AnanthaKN / jquery-in-place-editor

Automatically exported from code.google.com/p/jquery-in-place-editor
Other
0 stars 0 forks source link

what would you do if you need to add a dynamic value to the param ? #80

Open GoogleCodeExporter opened 9 years ago

GoogleCodeExporter commented 9 years ago
What steps will reproduce the problem?
1.
2.
3.

What is the expected output? What do you see instead?

if i have a table like this

<table>
<thead>
<tr>
<th>id</th>
<th>first name </th>
<th>last name </th>
</tr>
</thead>

<tbody>
<tr>
<td class="id">1</td>
<td class="fname">sarmen</td>
<td class="lname">mikey</td>
</tr>

<tr>
<td class="id">2</td>
<td class="fname">john</td>
<td class="lname">angelo</td>
</tr>

<tr>
<td class="id">3</td>
<td class="fname">sarmen</td>
<td class="lname">grande</td>
</tr>
</tbody>
</table>

and my js looked something like this

$("td.fname").editInPlace({
    url: 'ajax.php',
    params: '',
    show_buttons: true          
});

then lets say i click on the first record to edit it which is fname of sarmen. 
how can i pass a param that only accociates id 1 ? because if i do a query of 
lets say "update tbl_users set fname = '$_POST['update_value']' where fname = 
'$_POST['original_html']'"

(note: im just showing an example so no need to clean posts if that was 
bothering you :)   )

if i run this query the fname of sarmen will update in two records rather than 
one. How can i only update to id of 1 being to update only one record. 

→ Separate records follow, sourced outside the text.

text \<open>
  Under the infinitesimal rotation the Clifford system becomes (Q1 + t Q2, Q2 - t Q1), and a direct
  computation shows that the split variables of the rotated arguments relative to it are
  r_k + t (\<Sum>c. rot_deriv k c * r_c) Q1 Q2. Hence a series evaluates to f(r) + t (D f)(r) Q1 Q2,
  where D is the derivation induced by rot_deriv. As Q1 Q2 is itself rotation invariant, orthogonal
  invariance says D f = 0 for scalar and pseudoscalar operations, and D f1 = f2 - f1, D f2 = f1 - f2
  for vectorial ones. The circular variables r~4 and r~5 commute with Q1 Q2 and are eigenvectors of
  the rotation with eigenvalues -2 and 2, so a monomial in them has eigenvalue -2 d. Comparing its
  coefficients gives -2 d p = 0 in the first case, and in the second a linear system in p1, p2 whose
  only solution is zero unless d = 1.
\<close>

section \<open>Elements homogeneous in the generators\<close>

definition homogeneous :: "nat \<Rightarrow> fq_el \<Rightarrow> bool" where
  "homogeneous n x \<longleftrightarrow> (\<forall>tau w a b. length w \<noteq> n \<longrightarrow> x tau w a b = 0)"

lemma homogeneous_eqI:
  assumes "homogeneous n x" "homogeneous n y"
    and "\<And>tau w a b. length w = n \<Longrightarrow> x tau w a b = y tau w a b"
  shows "x = y"
  using assms unfolding homogeneous_def by (intro ext) metis

lemma mulc_homogeneous_left:
  assumes "homogeneous n x"
  shows "mulc x y t1 t2 w a b = (if n \<le> length w then \<Sum>a1\<in>UNIV. \<Sum>b1\<in>UNIV.
      x t1 (take n w) a1 b1 * y t2 (drop n w) (a \<noteq> a1) (b \<noteq> b1)
      * mul_sign a1 b1 (drop n w) (a \<noteq> a1) (b \<noteq> b1) else 0)"
proof -
  have "x t1 (take k w) a1 b1 = 0" if "k \<in> {0..length w}" "k \<noteq> n" for k a1 b1
    using assms that by (simp add: homogeneous_def)
  then have "mulc x y t1 t2 w a b = (\<Sum>k\<in>{0..length w}. if k = n then \<Sum>a1\<in>UNIV. \<Sum>b1\<in>UNIV.
      x t1 (take k w) a1 b1 * y t2 (drop k w) (a \<noteq> a1) (b \<noteq> b1)
      * mul_sign a1 b1 (drop k w) (a \<noteq> a1) (b \<noteq> b1) else 0)"
    unfolding mulc_def by (intro sum.cong) auto
  then show ?thesis by simp
qed

lemma mulc_homogeneous_right:
  assumes "homogeneous n y"
  shows "mulc x y t1 t2 w a b = (if n \<le> length w then \<Sum>a1\<in>UNIV. \<Sum>b1\<in>UNIV.
      x t1 (take (length w - n) w) a1 b1 * y t2 (drop (length w - n) w) (a \<noteq> a1) (b \<noteq> b1)
      * mul_sign a1 b1 (drop (length w - n) w) (a \<noteq> a1) (b \<noteq> b1) else 0)"
proof -
  have "y t2 (drop k w) a2 b2 = 0" if "k \<in> {0..length w}" "k \<noteq> length w - n \<or> \<not> n \<le> length w" for k a2 b2
    using assms that by (auto simp: homogeneous_def)
  then have "mulc x y t1 t2 w a b = (\<Sum>k\<in>{0..length w}. if k = length w - n \<and> n \<le> length w
      then \<Sum>a1\<in>UNIV. \<Sum>b1\<in>UNIV.
      x t1 (take k w) a1 b1 * y t2 (drop k w) (a \<noteq> a1) (b \<noteq> b1)
      * mul_sign a1 b1 (drop k w) (a \<noteq> a1) (b \<noteq> b1) else 0)"
    unfolding mulc_def by (intro sum.cong) auto
  then show ?thesis by simp
qed

lemma homogeneous_mul:
  assumes "homogeneous m x" "homogeneous n y"
  shows "homogeneous (m + n) (x \<star> y)"
proof -
  have "mulc x y t1 t2 w a b = 0" if "length w \<noteq> m + n" for t1 t2 w a b
    using assms(2) that by (simp add: mulc_homogeneous_left[OF assms(1)] homogeneous_def)
  then show ?thesis by (simp add: homogeneous_def fq_mul_def)
qed

lemma homogeneous_mul_left0: "homogeneous 0 x \<Longrightarrow> homogeneous n y \<Longrightarrow> homogeneous n (x \<star> y)"
  and homogeneous_mul_right0: "homogeneous n x \<Longrightarrow> homogeneous 0 y \<Longrightarrow> homogeneous n (x \<star> y)"
  using homogeneous_mul[of 0 x n y] homogeneous_mul[of n x 0 y] by simp_all

lemma homogeneous_add: "homogeneous n x \<Longrightarrow> homogeneous n y \<Longrightarrow> homogeneous n (x \<oplus> y)"
  and homogeneous_sub: "homogeneous n x \<Longrightarrow> homogeneous n y \<Longrightarrow> homogeneous n (x \<ominus> y)"
  and homogeneous_smul: "homogeneous n x \<Longrightarrow> homogeneous n (fq_smul r x)"
  by (simp_all add: homogeneous_def fq_add_def fq_sub_def fq_smul_def)

lemma homogeneous_cinv: "homogeneous n x \<Longrightarrow> homogeneous n (cinv x)"
  by (simp add: cinv_def homogeneous_smul)

lemma homogeneous_part:
  assumes "homogeneous 0 Q" "homogeneous n X"
  shows "homogeneous n (part i Q X)"
proof -
  have "homogeneous n (cinv Q \<star> X \<star> Q)"
    using assms by (intro homogeneous_mul_left0 homogeneous_mul_right0 homogeneous_cinv)
  then show ?thesis
    using assms by (simp add: part_def part0_def part1_def homogeneous_add homogeneous_sub homogeneous_smul)
qed

lemma homogeneous_Q1_Q2_t: "homogeneous 0 fq_Q1" "homogeneous 0 fq_Q2" "homogeneous 0 fq_t"
  by (simp_all add: homogeneous_def fq_Q1_def fq_Q2_def fq_t_def)

lemma Q1_Q2_t_Nil:
  "fq_Q1 tau [] a b = (if \<not> tau \<and> a \<and> \<not> b then 1 else 0)"
  "fq_Q2 tau [] a b = (if \<not> tau \<and> \<not> a \<and> b then 1 else 0)"
  "fq_t tau [] a b = (if tau \<and> \<not> a \<and> \<not> b then 1 else 0)"
  by (simp_all add: fq_Q1_def fq_Q2_def fq_t_def)

lemma fq_mul_apply: "(x \<star> y) tau w a b =
    (if tau then mulc x y False True w a b + mulc x y True False w a b else mulc x y False False w a b)"
  by (simp add: fq_mul_def)

lemma fq_mul_add_right: "z \<star> (x \<oplus> y) = (z \<star> x) \<oplus> (z \<star> y)"
  by (rule ext)+ (simp add: fq_mul_def mulc_def fq_add_def algebra_simps sum.distrib)

lemma cinv_apply: "cinv x tau w a b = - x tau w a b"
  by (simp add: cinv_def fq_smul_def)

lemma sum_UNIV_bool: "(\<Sum>x\<in>(UNIV::bool set). f x) = f False + f True"
  by (simp add: UNIV_bool)

lemma homogeneous1_eqI:
  assumes "homogeneous 1 x" "homogeneous 1 y" "\<And>tau c a b. x tau [c] a b = y tau [c] a b"
  shows "x = y"
proof (rule homogeneous_eqI[OF assms(1,2)])
  fix tau and w :: "nat list" and a b
  assume "length w = 1"
  then obtain c where "w = [c]" by (cases w) auto
  then show "x tau w a b = y tau w a b" using assms(3) by simp
qed

text \<open>
  tq_el F D encodes F(g) + t D(g) Q1 Q2, with F and D giving the coefficients of the words in the
  generators; lin P T is its part of degree one, \<Sum>c. P c g_c + t (\<Sum>c. T c g_c) Q1 Q2.
\<close>

definition tq_el :: "(nat list \<Rightarrow> real) \<Rightarrow> (nat list \<Rightarrow> real) \<Rightarrow> fq_el" where
  "tq_el F D = (\<lambda>tau w a b.
     if \<not> tau \<and> \<not> a \<and> \<not> b then F w else if tau \<and> a \<and> b then D w else 0)"

definition lin :: "(nat \<Rightarrow> real) \<Rightarrow> (nat \<Rightarrow> real) \<Rightarrow> fq_el" where
  "lin P T = tq_el (\<lambda>w. case w of [c] \<Rightarrow> P c | _ \<Rightarrow> 0) (\<lambda>w. case w of [c] \<Rightarrow> T c | _ \<Rightarrow> 0)"

lemma homogeneous_lin: "homogeneous 1 (lin P T)"
  by (auto simp: homogeneous_def lin_def tq_el_def split: list.split)

lemma lin_singleton:
  "lin P T tau [c] a b = (if \<not> tau \<and> \<not> a \<and> \<not> b then P c else if tau \<and> a \<and> b then T c else 0)"
  by (simp add: lin_def tq_el_def)

section \<open>The rotated Clifford system and its split variables\<close>

definition rotQ1 :: fq_el where "rotQ1 = fq_Q1 \<oplus> (fq_t \<star> fq_Q2)"
definition rotQ2 :: fq_el where "rotQ2 = fq_Q2 \<ominus> (fq_t \<star> fq_Q1)"

lemma rot_Q: "rot (fq_Q1, fq_Q2) = (rotQ1, rotQ2)"
  by (simp add: rot_def rotQ1_def rotQ2_def)

lemma homogeneous_rotQ: "homogeneous 0 rotQ1" "homogeneous 0 rotQ2"
  unfolding rotQ1_def rotQ2_def
  by (intro homogeneous_add homogeneous_sub homogeneous_mul_left0 homogeneous_Q1_Q2_t)+

lemma rotQ1_Nil: "rotQ1 tau [] a b = (if tau then (if \<not> a \<and> b then 1 else 0) else if a \<and> \<not> b then 1 else 0)"
  and rotQ2_Nil: "rotQ2 tau [] a b = (if tau then (if a \<and> \<not> b then -1 else 0) else if \<not> a \<and> b then 1 else 0)"
  by (simp_all add: rotQ1_def rotQ2_def fq_add_def fq_sub_def fq_mul_def mulc_def sum_UNIV_bool
    fq_Q1_def fq_Q2_def fq_t_def mul_sign_def bn_def)

lemma io_cases: "io1 c = 0 \<or> io1 c = 1" "io2 c = 0 \<or> io2 c = 1"
  by (auto simp: io1_def io2_def)

lemmas coeff_eval_simps = fq_add_def fq_sub_def fq_smul_def fq_mul_def cinv_apply sum_UNIV_bool
  mulc_homogeneous_left[where n = 0] mulc_homogeneous_right[where n = 0]
  homogeneous_Q1_Q2_t homogeneous_rotQ homogeneous_cinv Q1_Q2_t_Nil rotQ1_Nil rotQ2_Nil
  lin_singleton mul_sign_def bn_def

lemma part_rotQ1_lin:
  assumes "i \<le> 1"
  shows "part i rotQ1 (lin P T) = lin (\<lambda>c. if io1 c = i then P c else 0)
     (\<lambda>c. if io1 c = i then (if io2 c = i then 0 else - P c) else T c + (if io2 c = i then P c else 0))"
  apply (rule homogeneous1_eqI[OF homogeneous_part[OF homogeneous_rotQ(1) homogeneous_lin] homogeneous_lin])
  subgoal for tau c a b
    using io_cases[of c] assms
    by (simp add: part_def part0_def part1_def coeff_eval_simps homogeneous_lin) (auto simp: le_Suc_eq)
  done

lemma part_rotQ2_lin:
  assumes "i \<le> 1"
  shows "part i rotQ2 (lin P T) = lin (\<lambda>c. if io2 c = i then P c else 0)
     (\<lambda>c. if io2 c = i then (if io1 c = i then 0 else - P c) else T c + (if io1 c = i then P c else 0))"
  apply (rule homogeneous1_eqI[OF homogeneous_part[OF homogeneous_rotQ(2) homogeneous_lin] homogeneous_lin])
  subgoal for tau c a b
    using io_cases[of c] assms
    by (simp add: part_def part0_def part1_def coeff_eval_simps homogeneous_lin) (auto simp: le_Suc_eq)
  done

lemma letter_cases:
  "(c::nat) \<notin> {1..8} \<or> c = 1 \<or> c = 2 \<or> c = 3 \<or> c = 4 \<or> c = 5 \<or> c = 6 \<or> c = 7 \<or> c = 8"
  by auto

lemma letterwise_ext:
  assumes "\<And>c::nat. c \<notin> {1..8} \<Longrightarrow> f c = g c"
    and "f 1 = g 1" "f 2 = g 2" "f 3 = g 3" "f 4 = g 4" "f 5 = g 5" "f 6 = g 6" "f 7 = g 7" "f 8 = g 8"
  shows "f = g"
proof
  fix c show "f c = g c" using letter_cases[of c] assms by auto
qed

definition block1 :: "nat \<Rightarrow> real" where "block1 c = (if c \<in> {1..4} then 1 else 0)"
definition block2 :: "nat \<Rightarrow> real" where "block2 c = (if c \<in> {5..8} then 1 else 0)"

lemma homogeneous_gen: "homogeneous 1 (fq_gen k)"
  by (simp add: homogeneous_def fq_gen_def)

lemma fq_R1_eq_lin: "fq_R1 = lin block1 (\<lambda>_. 0) \<star> fq_Q1"
  and fq_R2_eq_lin: "fq_R2 = lin block2 (\<lambda>_. 0) \<star> fq_Q2"
proof -
  have "fq_gen 1 \<oplus> fq_gen 2 \<oplus> fq_gen 3 \<oplus> fq_gen 4 = lin block1 (\<lambda>_. 0)"
    by (rule homogeneous1_eqI, intro homogeneous_add homogeneous_gen, rule homogeneous_lin)
      (auto simp: lin_singleton fq_add_def fq_gen_def block1_def)
  moreover have "fq_gen 5 \<oplus> fq_gen 6 \<oplus> fq_gen 7 \<oplus> fq_gen 8 = lin block2 (\<lambda>_. 0)"
    by (rule homogeneous1_eqI, intro homogeneous_add homogeneous_gen, rule homogeneous_lin)
      (auto simp: lin_singleton fq_add_def fq_gen_def block2_def)
  ultimately show "fq_R1 = lin block1 (\<lambda>_. 0) \<star> fq_Q1" "fq_R2 = lin block2 (\<lambda>_. 0) \<star> fq_Q2"
    by (simp_all add: fq_R1_def fq_R2_def)
qed

lemma rot_A_minus_Q:
  "fst (rot (fq_A1, fq_A2)) \<ominus> rotQ1 = fq_R1 \<oplus> (fq_t \<star> fq_R2)"
  "snd (rot (fq_A1, fq_A2)) \<ominus> rotQ2 = fq_R2 \<ominus> (fq_t \<star> fq_R1)"
  unfolding rot_def rotQ1_def rotQ2_def fq_A1_def fq_A2_def fq_mul_add_right fst_conv snd_conv
  by (simp_all add: fq_add_def fq_sub_def)

lemma rot_R_mul_cinv_rotQ:
  "(fq_R1 \<oplus> (fq_t \<star> fq_R2)) \<star> cinv rotQ1 = lin block1 (\<lambda>c. block2 c - block1 c)"
  "(fq_R2 \<ominus> (fq_t \<star> fq_R1)) \<star> cinv rotQ2 = lin block2 (\<lambda>c. block1 c - block2 c)"
proof -
  have R: "homogeneous 1 fq_R1" "homogeneous 1 fq_R2"
    unfolding fq_R1_eq_lin fq_R2_eq_lin by (intro homogeneous_mul_right0 homogeneous_lin homogeneous_Q1_Q2_t)+
  have h: "homogeneous 1 ((fq_R1 \<oplus> (fq_t \<star> fq_R2)) \<star> cinv rotQ1)"
    "homogeneous 1 ((fq_R2 \<ominus> (fq_t \<star> fq_R1)) \<star> cinv rotQ2)"
    using R by (blast intro: homogeneous_mul_right0 homogeneous_add homogeneous_sub homogeneous_mul_left0
        homogeneous_cinv homogeneous_rotQ homogeneous_Q1_Q2_t)+
  show "(fq_R1 \<oplus> (fq_t \<star> fq_R2)) \<star> cinv rotQ1 = lin block1 (\<lambda>c. block2 c - block1 c)"
    apply (rule homogeneous1_eqI[OF h(1) homogeneous_lin])
    subgoal for tau c a b by (cases tau; cases a; cases b) (simp_all add: fq_R1_eq_lin fq_R2_eq_lin coeff_eval_simps)
    done
  show "(fq_R2 \<ominus> (fq_t \<star> fq_R1)) \<star> cinv rotQ2 = lin block2 (\<lambda>c. block1 c - block2 c)"
    apply (rule homogeneous1_eqI[OF h(2) homogeneous_lin])
    subgoal for tau c a b by (cases tau; cases a; cases b) (simp_all add: fq_R1_eq_lin fq_R2_eq_lin coeff_eval_simps)
    done
qed

text \<open>The rotated split variables are g_k + t (\<Sum>c. rot_deriv k c * g_c) Q1 Q2.\<close>

definition rot_deriv :: "nat \<Rightarrow> nat \<Rightarrow> real" where
  "rot_deriv k c = (if k = 1 then (if c = 4 then -1 else if c = 8 then 1 else 0)
     else if k = 2 then (if c = 2 then -1 else if c = 7 then 1 else 0)
     else if k = 3 then (if c = 3 then -1 else if c = 6 then 1 else 0)
     else if k = 4 then (if c = 1 then -1 else if c = 5 then 1 else 0)
     else if k = 5 then (if c = 8 then -1 else if c = 4 then 1 else 0)
     else if k = 6 then (if c = 6 then -1 else if c = 3 then 1 else 0)
     else if k = 7 then (if c = 7 then -1 else if c = 2 then 1 else 0)
     else if k = 8 then (if c = 5 then -1 else if c = 1 then 1 else 0) else 0)"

What version of the product are you using? On what operating system? 2.2.0 on 
mac snow leopard

Please provide any additional information below.

Original issue reported on code.google.com by sarme...@gmail.com on 10 Jan 2011 at 12:11

GoogleCodeExporter commented 9 years ago
i found the solution. for anyone wanted to know as well its a matter of 
modifying your code.

http://stackoverflow.com/questions/4646967/how-to-add-a-dynamic-param

Original comment by sarme...@gmail.com on 10 Jan 2011 at 7:51

GoogleCodeExporter commented 9 years ago
[deleted comment]
GoogleCodeExporter commented 9 years ago
if i am displaying the records from the database, so how can i access the value 
of that variable.

i am using this 

params: "name=<?php echo $row[2];?>",

but its not working. :(

Original comment by asifqua@gmail.com on 12 Jan 2011 at 8:52

GoogleCodeExporter commented 9 years ago
if you use the jquery code in the same php page, then it works. 
here is the the sample code.

$("#Company_Name").editInPlace({
        url: 'server.php',
        bg_out: '#21281D',
        show_buttons: true,
        params: "name=<?php echo $row[3]; ?>",
        saving_image: "images/loader.gif"

    });

Original comment by asifqua@gmail.com on 12 Jan 2011 at 9:43